*Information shown*
text \<open>Near \<open>x0\<close> the kernel is dominated by \<open>L |x0 - y|^(2 - p)\<close>, which is integrable since
  \<open>p - 2 < N\<close>; dominated convergence then yields the principal value.\<close>
lemma truncated_frac_integral_tendsto:
  fixes v :: "'a::euclidean_space \<Rightarrow> real" and x0 :: 'a
  assumes p: "real DIM('a) < p" "p - 2 < real DIM('a)"
    and [measurable]: "v \<in> borel_measurable borel"
    and v: "integrable lborel (\<lambda>x. v x / (1 + norm x powr p))"
    and r: "r > 0" and L: "L \<ge> 0"
    and quadratic: "\<And>y. y \<in> ball x0 r \<Longrightarrow> 0 \<le> v y - v x0 \<and> v y - v x0 \<le> L * (norm (y - x0))^2"
  defines "F \<equiv> \<lambda>y. (v x0 - v y) / norm (x0 - y) powr p"
  shows "((\<lambda>\<epsilon>. LINT y:{y. \<epsilon> \<le> dist x0 y}|lborel. F y) \<longlongrightarrow> integral\<^sup>L lborel F) (at_right 0)"
  unfolding filterlim_at_right_to_top set_lebesgue_integral_def
proof (rule integral_dominated_convergence_at_top)
  let ?near = "\<lambda>y. L * (indicator {y. norm (x0 - y) < r} y * norm (x0 - y) powr (-(p - 2)))"
  let ?w = "\<lambda>y. \<bar>indicator {y. r \<le> dist x0 y} y *\<^sub>R F y\<bar> + ?near y"
  have "set_integrable lborel {y. r \<le> dist x0 y} F"
    unfolding F_def by (rule set_integrable_frac_kernel_outside_ball[OF p(1) r _ v]) simp
  then show "integrable lborel ?w"
    unfolding set_integrable_def
    by (intro Bochner_Integration.integrable_add integrable_mult_right integrable_abs
        integrable_norm_diff_powr_inside_ball p r)
  show "AE y in lborel. ((\<lambda>t. indicator {y. inverse t \<le> dist x0 y} y *\<^sub>R F y) \<longlongrightarrow> F y) at_top"
    using AE_lborel_singleton[of x0]
  proof eventually_elim
    fix y :: 'a
    assume "y \<noteq> x0"
    then have "\<forall>\<^sub>F t in at_top. inverse t \<le> dist x0 y"
      by (intro eventually_at_top_linorderI[of "inverse (dist x0 y)"])
         (metis inverse_inverse_eq inverse_le_imp_le inverse_positive_iff_positive zero_less_dist_iff)
    then have "\<forall>\<^sub>F t in at_top. indicator {y. inverse t \<le> dist x0 y} y *\<^sub>R F y = F y"
      by eventually_elim simp
    then show "((\<lambda>t. indicator {y. inverse t \<le> dist x0 y} y *\<^sub>R F y) \<longlongrightarrow> F y) at_top"
      by (rule tendsto_eventually)
  qed
  have "norm (F y) \<le> ?w y" for y
  proof (cases "r \<le> dist x0 y")
    case False
    show ?thesis
    proof (cases "y = x0")
      case False
      define d where "d = norm (x0 - y)"
      have d: "d > 0"
        unfolding d_def using False by simp
      have y: "y \<in> ball x0 r"
        using \<open>\<not> r \<le> dist x0 y\<close> by simp
      have "norm (F y) = (v y - v x0) / d powr p"
        unfolding F_def d_def using quadratic[OF y] by simp
      also have "\<dots> \<le> L * d powr 2 / d powr p"
        using quadratic[OF y] d unfolding d_def by (intro divide_right_mono) (auto simp: norm_minus_commute)
      also have "\<dots> = L * d powr (-(p - 2))"
        by (simp add: powr_diff)
      finally show ?thesis
        using \<open>\<not> r \<le> dist x0 y\<close> by (simp add: d_def dist_norm)
    qed (use L in \<open>simp add: F_def\<close>)
  qed (use L in simp)
  then show "\<forall>\<^sub>F t in at_top. AE y in lborel. norm (indicator {y. inverse t \<le> dist x0 y} y *\<^sub>R F y) \<le> ?w y"
    using L by (intro always_eventually allI AE_I2) (auto simp: indicator_def)
qed (auto simp: F_def)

*Work required*
Whenever a line of the listing above holds the word "forall", copy that line.

*Written answer*
    then have "\<forall>\<^sub>F t in at_top. inverse t \<le> dist x0 y"
    then have "\<forall>\<^sub>F t in at_top. indicator {y. inverse t \<le> dist x0 y} y *\<^sub>R F y = F y"
  then show "\<forall>\<^sub>F t in at_top. AE y in lborel. norm (indicator {y. inverse t \<le> dist x0 y} y *\<^sub>R F y) \<le> ?w y"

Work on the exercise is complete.